Era quarta-feira de cinzas. Pela primeira vez desde que vim morar nos EUA, não me ressenti por não ter passado o carnaval na beira da praia, torrando ao sol de Cabo Frio, sobrevivendo de miojo e vinho. Pela primeira vez em anos eu não senti uma pontinha de inveja das amigas que até hoje exibem o corpinho sarado e dourado nas fotos que mostram seu sorriso ao lado de outros amigos em algum lugar paradisíaco no qual passaram o feriado prolongado, desejado, esperado e planejado o ano inteiro. Pela primeira vez eu não havia passado os cinco dias de carnaval maldizendo o frio de Connecticut, a neve, o trabalho que não tem folga em fevereiro ou a pele ligeiramente amarelada debaixo do suéter. Tampouco tive tempo de vasculhar a memória e ressuscitar os “melhores momentos” dos carnavais da minha vida, os amores passageiros, os porres, as decepções, as aventuras, as praias. Também esqueci das músicas marcantes, dos poemas, melodias e cheiros daquela época, que agora parece tão remota.
Só me lembrava de que era quarta-feira de cinzas e de que amanhecera mais um dia no hospital onde minha filhinha de 2 anos e meio estivera internada desde sábado de carnaval por conta de um vírus que a deixou, entre outras coisas, desidratada. O corpinho frágil deitado no bercinho gelado do quarto parecia cada dia mais fraco. Levantei-me como que apoiada em algo ou alguém que não via, mas pressentia estar ali. Aproximei-me dela e pude perceber que seu peito já não mais arfava, a respiração estava calma. Seus lábios voltavam a ter cor e já não estavam mais rachados. Embora tivesse fundas olheiras, seu rosto não estava mais inchado. Sussurrei-lhe com doçura, com uma certeza que vinha de dentro do peito – não dos médicos – e que desejava sair no grito: “Hoje vamos para casa, meu amor.”

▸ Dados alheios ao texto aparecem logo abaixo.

lemma T_notin_AQ:
  assumes "\<And>j::nat. 0 < j \<Longrightarrow> T [^] j \<notin> A"
  shows "T \<notin> AQ"
proof
  assume "T \<in> AQ"
  then obtain k :: nat where "T \<otimes> T [^] k \<in> A"
    by (auto simp: AQ_def)
  then show False
    using assms[of "Suc k"] by (simp add: nat_pow_comm[of T 1 k, simplified])
qed

lemma AQ_mult_cell:
  assumes "g \<in> AQ" "p \<in> A \<union> (inv T <# A)"
  shows "g \<otimes> p \<in> AQ"
  using assms(2)
proof
  assume "p \<in> A"
  then show ?thesis
    using assms(1) AQ_mult_A_iff by (simp add: AQ_def)
next
  assume "p \<in> inv T <# A"
  then obtain c where c: "c \<in> A" and p: "p = inv T \<otimes> c"
    by (auto simp: l_coset_def)
  have "g \<otimes> inv T \<in> AQ" "g \<in> carrier G"
    using assms(1) AQ_mult_inv_T by (auto simp: AQ_def)
  then show ?thesis
    using AQ_mult_A_iff[of "g \<otimes> inv T" c] c by (simp add: p m_assoc)
qed

lemma AQ_of_mult_cell:
  assumes g: "g \<in> carrier G" and q: "q \<in> A \<union> (inv T <# A)" and gq: "g \<otimes> q \<in> AQ" "g \<otimes> q \<notin> A"
  shows "g \<in> AQ"
  using q
proof
  assume "q \<in> A"
  then show ?thesis
    using AQ_mult_A_iff g gq by blast
next
  assume "q \<in> inv T <# A"
  then obtain c where c: "c \<in> A" and q: "q = inv T \<otimes> c"
    by (auto simp: l_coset_def)
  have gq_eq: "g \<otimes> q = g \<otimes> inv T \<otimes> c"
    using g c by (simp add: q m_assoc)
  have "g \<otimes> inv T \<in> AQ"
    using AQ_mult_A_iff[of "g \<otimes> inv T" c] g c gq by (simp add: gq_eq)
  moreover have "g \<otimes> inv T \<notin> A"
    using gq(2) c by (auto simp: gq_eq)
  ultimately have "g \<otimes> inv T \<otimes> T \<in> AQ"
    by (rule AQ_mult_T)
  then show ?thesis
    using g by (simp add: m_assoc)
qed

lemma A_subset_A_mult_inv_T_pows: "A \<subseteq> {a \<otimes> inv (T [^] m) | a m. a \<in> A \<and> m \<le> (M::nat)}"
proof
  fix a assume "a \<in> A"
  then have "a = a \<otimes> inv (T [^] (0::nat))"
    by (simp add: A.mem_carrier)
  with \<open>a \<in> A\<close> show "a \<in> {a \<otimes> inv (T [^] m) | a m. a \<in> A \<and> m \<le> M}"
    by blast
qed

lemma translate_disjoint:
  assumes h: "h \<in> carrier G" and k: "k \<in> carrier G" "k \<notin> AQ"
  shows "{h \<otimes> k \<otimes> T [^] (n::nat) \<otimes> a | a. a \<in> A}
    \<inter> {h \<otimes> b \<otimes> inv (T [^] (m::nat)) | b m. b \<in> A} = {}"
proof -
  have "h \<otimes> k \<otimes> T [^] n \<otimes> a \<noteq> h \<otimes> b \<otimes> inv (T [^] m)" if "a \<in> A" "b \<in> A" for a b and m :: nat
  proof
    have ab: "a \<in> carrier G" "b \<in> carrier G"
      using that by (auto intro: A.mem_carrier)
    assume "h \<otimes> k \<otimes> T [^] n \<otimes> a = h \<otimes> b \<otimes> inv (T [^] m)"
    with h k ab have "k \<otimes> T [^] n \<otimes> a = b \<otimes> inv (T [^] m)"
      by (simp add: m_assoc)
    then have "k \<otimes> T [^] n \<otimes> a \<in> AQ"
      using A_mult_inv_T_pow_in_AQ \<open>b \<in> A\<close> by simp
    then have "k \<otimes> T [^] n \<in> AQ"
      using AQ_mult_A_iff k \<open>a \<in> A\<close> by simp
    then show False
      using AQ_of_mult_T_pow k by blast
  qed
  then show ?thesis
    by blast
qed

end

locale torus_presentation =
  fixes G :: "('g, 'm) monoid_scheme" (structure)
    and f :: "'a \<Rightarrow> 'g" and t :: 'a and As :: "'a set"
    and R :: "'a word set" and phi :: "'a \<Rightarrow> 'a word"
  assumes t_notin_As: "t \<notin> As"
    and R_over_As: "\<forall>r\<in>R. word_over As r"
    and phi_over_As: "\<forall>a\<in>As. word_over As (phi a)"
    and presentation: "is_presentation G f (insert t As) (torus_relators t As R phi)"
begin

Aproveitando que ela dormia, decidi tomar meu banho. De dentro da bolsa que trouxera para o hospital, tirei o meu suéter rosa. O suéter que comprei para ir a uma festa a qual jamais compareci. O suéter rosa, de gola vê, com delicados detalhes em paetê. Era quarta-feira de cinzas, e eu decidi que vestiria aqueles paetês, e aquela cor vibrante. Decidi que tomaria meu banho e que, cheirando a sabonete, daria bom dia a minha filhinha com um sorriso. Eu tinha certeza que a levaria para casa naquele dia. Nenhum outro.
Em casa, um marido exausto e um bebê de sete meses doentinho nos esperavam. Eles também precisavam de mim e eu deles. Sim. Iríamos, os paetês, a filhinha e eu, ao encontro do anjinho e do papai.

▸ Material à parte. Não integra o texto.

(* Let $\mathbf{X}\sim\mathcal{N}(\mathbf{0}_n,\mathbf{I}_n)$ and let $\mathbf{Y}|\mathbf{X}=\mathbf{x}\sim\mathcal{N}(\mathbf{x},\sigma^2\mathbf{I}_n)$ with fixed $\sigma>0$. Then $$\lim_{n\to\infty}\frac{\mathrm{mmse}(\vec{\mathbf{X}}|\vec{\mathbf{Y}})}{n}=\lim_{n\to\infty}\frac{\mathrm{mmse}(\vec{\mathbf{X}}|\mathbf{Y})}{n}=0.$$
   Context: $\vec{\mathbf{X}},\vec{\mathbf{Y}}$ are $\mathbf{X},\mathbf{Y}$ with entries sorted in ascending order. For random vectors $\mathbf{V},\mathbf{U}$, $\mathrm{mmse}(\mathbf{V}|\mathbf{U})=\mathbb{E}\left[\|\mathbf{V}-\mathbb{E}[\mathbf{V}|\mathbf{U}]\|^2\right]$ with $\|\cdot\|$ the Euclidean norm. *)

theory Defs
  imports "HOL-Probability.Probability"
begin

definition std_normal :: "real measure" where
  "std_normal = density lborel std_normal_density"

text \<open>Probability space for dimension n: outcome (x, z) with x, z independent
  standard normal vectors in R^n (coordinates indexed by {..<n}).
  Then X = x ~ N(0, I_n) and Y = x + sigma z, so Y | X = x ~ N(x, sigma^2 I_n).\<close>
definition Omega :: "nat \<Rightarrow> ((nat \<Rightarrow> real) \<times> (nat \<Rightarrow> real)) measure" where
  "Omega n = (PiM {..<n} (\<lambda>_. std_normal)) \<Otimes>\<^sub>M (PiM {..<n} (\<lambda>_. std_normal))"

definition Xv :: "nat \<Rightarrow> (nat \<Rightarrow> real) \<times> (nat \<Rightarrow> real) \<Rightarrow> real" where
  "Xv i \<omega> = fst \<omega> i"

Durante a manha toda, minha filha sorriu. Não vomitou, bebeu líquidos e fez xixi. Ensaiou umas dentadas na comida sem-sal do hospital e sentou-se no meu colo. Ela também sabia o que os médicos só decidiriam à tarde: ela iria para casa.

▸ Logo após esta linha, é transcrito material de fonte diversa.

definition is_instance :: "nat \<Rightarrow> nat \<Rightarrow> (nat \<Rightarrow> nat set) \<Rightarrow> bool" where
  "is_instance n m s \<longleftrightarrow> 0 < n \<and> (\<forall>i<m. s i \<subseteq> {..<n})"

text \<open>Space of test sequences (sigma_t = omega t).\<close>
definition seq_space :: "(nat \<Rightarrow> nat) measure" where
  "seq_space = PiM UNIV (\<lambda>_. count_space (UNIV :: nat set))"

definition stoch_schedule :: "nat \<Rightarrow> (nat \<Rightarrow> nat) measure \<Rightarrow> bool" where
  "stoch_schedule m M \<longleftrightarrow> prob_space M \<and> sets M = sets seq_space \<and>
     (AE \<omega> in M. \<forall>t. \<omega> t < m)"

definition memoryless_schedule :: "nat \<Rightarrow> (nat \<Rightarrow> nat) measure \<Rightarrow> bool" where
  "memoryless_schedule m M \<longleftrightarrow>
     (\<exists>q :: nat pmf. set_pmf q \<subseteq> {..<m} \<and> M = PiM UNIV (\<lambda>_. measure_pmf q))"

definition hit_time :: "(nat \<Rightarrow> nat set) \<Rightarrow> nat \<Rightarrow> nat \<Rightarrow> (nat \<Rightarrow> nat) \<Rightarrow> ennreal" where
  "hit_time s e t \<omega> =
     (if \<exists>h. e \<in> s (\<omega> (t + h)) then of_nat (Suc (LEAST h. e \<in> s (\<omega> (t + h)))) else \<infinity>)"

definition det_time :: "(nat \<Rightarrow> nat set) \<Rightarrow> (nat \<Rightarrow> nat) measure \<Rightarrow> nat \<Rightarrow> nat \<Rightarrow> ennreal" where
  "det_time s M e t = (\<integral>\<^sup>+ \<omega>. hit_time s e t \<omega> \<partial>M)"

definition avg_det_seq :: "(nat \<Rightarrow> nat set) \<Rightarrow> (nat \<Rightarrow> nat) measure \<Rightarrow> nat \<Rightarrow> nat \<Rightarrow> real" where
  "avg_det_seq s M e H = (\<Sum>t<H. enn2real (det_time s M e t)) / real H"

definition Et :: "(nat \<Rightarrow> nat set) \<Rightarrow> (nat \<Rightarrow> nat) measure \<Rightarrow> nat \<Rightarrow> real" where
  "Et s M e = lim (avg_det_seq s M e)"

definition test_freq_seq :: "(nat \<Rightarrow> nat) measure \<Rightarrow> nat \<Rightarrow> nat \<Rightarrow> real" where
  "test_freq_seq M i H = (\<Sum>t<H. measure M {\<omega> \<in> space M. \<omega> t = i}) / real H"

definition valid_schedule :: "nat \<Rightarrow> nat \<Rightarrow> (nat \<Rightarrow> nat set) \<Rightarrow> (nat \<Rightarrow> nat) measure \<Rightarrow> bool" where
  "valid_schedule n m s M \<longleftrightarrow> stoch_schedule m M \<and>
     (\<forall>e<n. (\<exists>B::real. \<forall>t. det_time s M e t \<le> ennreal B) \<and> convergent (avg_det_seq s M e)) \<and>
     (\<forall>i<m. convergent (test_freq_seq M i))"

text \<open>Objectives with uniform weights: p_e = 1/n for SUM, p_e = 1 for MAX.\<close>
definition sum_obj :: "nat \<Rightarrow> (nat \<Rightarrow> nat set) \<Rightarrow> (nat \<Rightarrow> nat) measure \<Rightarrow> real" where
  "sum_obj n s M = (\<Sum>e<n. (1 / real n) * Et s M e)"

definition max_obj :: "nat \<Rightarrow> (nat \<Rightarrow> nat set) \<Rightarrow> (nat \<Rightarrow> nat) measure \<Rightarrow> real" where
  "max_obj n s M = Max ((\<lambda>e. Et s M e) ` {..<n})"

definition opt_SUM :: "nat \<Rightarrow> nat \<Rightarrow> (nat \<Rightarrow> nat set) \<Rightarrow> ereal" where
  "opt_SUM n m s = Inf {ereal (sum_obj n s M) | M. valid_schedule n m s M}"

definition opt_MAX :: "nat \<Rightarrow> nat \<Rightarrow> (nat \<Rightarrow> nat set) \<Rightarrow> ereal" where
  "opt_MAX n m s = Inf {ereal (max_obj n s M) | M. valid_schedule n m s M}"

definition optM_SUM :: "nat \<Rightarrow> nat \<Rightarrow> (nat \<Rightarrow> nat set) \<Rightarrow> ereal" where
  "optM_SUM n m s = Inf {ereal (sum_obj n s M) | M. memoryless_schedule m M \<and> valid_schedule n m s M}"

definition optM_MAX :: "nat \<Rightarrow> nat \<Rightarrow> (nat \<Rightarrow> nat set) \<Rightarrow> ereal" where
  "optM_MAX n m s = Inf {ereal (max_obj n s M) | M. memoryless_schedule m M \<and> valid_schedule n m s M}"

end

theory Submission
  imports Defs
begin

text \<open>
  Take \<open>k\<close> elements and the \<open>k\<close> singleton tests. Since one element is tested per step,
  the \<open>k\<close> elements are first detected after time \<open>t\<close> at pairwise different times, so their
  detection times add up to at least \<open>1 + 2 + \<dots> + k\<close>: every valid schedule has SUM, and a
  fortiori MAX, at least \<open>(k + 1)/2\<close>, which the cyclic schedule started at a uniformly random
  phase attains for every element. A memoryless schedule drawing test \<open>e\<close> with probability
  \<open>q e\<close> detects \<open>e\<close> after a geometric time of mean \<open>1 / q e\<close>, and \<open>\<Sum> 1 / q e \<ge> k\<^sup>2\<close>
  when \<open>\<Sum> q e \<le> 1\<close>, with equality for the uniform \<open>q\<close>. So the memoryless optima are
  \<open>k\<close>, the unrestricted ones \<open>(k + 1)/2\<close>, and \<open>k \<ge> (2 - \<epsilon>)(k + 1)/2\<close> once \<open>k \<ge> 2/\<epsilon>\<close>.
\<close>

section \<open>Hitting times\<close>

lemma space_seq_space [simp]: "space seq_space = UNIV"
  unfolding seq_space_def by (simp add: space_PiM)

lemma suminf_one_ennreal: "(\<Sum>j. 1 :: ennreal) = \<top>"
  using summable_iff_suminf_neq_top[of "\<lambda>_. 1"] by (simp add: summable_const_iff)

lemma hit_time_eqI:
  assumes "e \<in> s (\<omega> (t + h))" and "\<And>i. i < h \<Longrightarrow> e \<notin> s (\<omega> (t + i))"
  shows "hit_time s e t \<omega> = of_nat (Suc h)"
proof -
  have "(LEAST h. e \<in> s (\<omega> (t + h))) = h"
    using assms by (intro Least_equality) (auto simp: not_less[symmetric])
  then show ?thesis
    using assms(1) unfolding hit_time_def by auto
qed

lemma hit_time_eq_suminf:
  "hit_time s e t \<omega> = (\<Sum>j. indicator {\<omega>. \<forall>i<j. e \<notin> s (\<omega> (t + i))} \<omega> :: ennreal)"
proof (cases "\<exists>h. e \<in> s (\<omega> (t + h))")
  case True
  define h where "h = (LEAST h. e \<in> s (\<omega> (t + h)))"
  have hit: "e \<in> s (\<omega> (t + h))" and before: "\<And>i. i < h \<Longrightarrow> e \<notin> s (\<omega> (t + i))"
    unfolding h_def using True by (auto intro: LeastI_ex dest: not_less_Least)
  have "indicator {\<omega>. \<forall>i<j. e \<notin> s (\<omega> (t + i))} \<omega> = (if j \<le> h then 1 else (0 :: ennreal))" for j
    using hit before by (auto simp: indicator_def not_le)
  then have "(\<Sum>j. indicator {\<omega>. \<forall>i<j. e \<notin> s (\<omega> (t + i))} \<omega> :: ennreal) = (\<Sum>j\<le>h. 1)"
    by (subst suminf_finite[where N="{..h}"]) auto
  then show ?thesis
    using hit_time_eqI[of e s \<omega> t h] hit before by simp
next
  case False
  then show ?thesis
    by (simp add: hit_time_def indicator_def suminf_one_ennreal)
qed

Às 4 horas da tarde de quarta-feira, a médica deu-lhe alta. Atravessei os corredores do 7o andar do hospital infantil segurando uma versão esquelética da filhinha amada que dera entrada dias antes naquele quarto que íamos deixando para trás. A cada passo sentia as asas crescerem e se abrirem. Tal qual fênix, eu levantava vôo das cinzas, naquela quarta-feira. Saíra ferida, mas vitoriosa: rosa, paetês e esperança no peito, e carregando meu maior tesouro nos braços.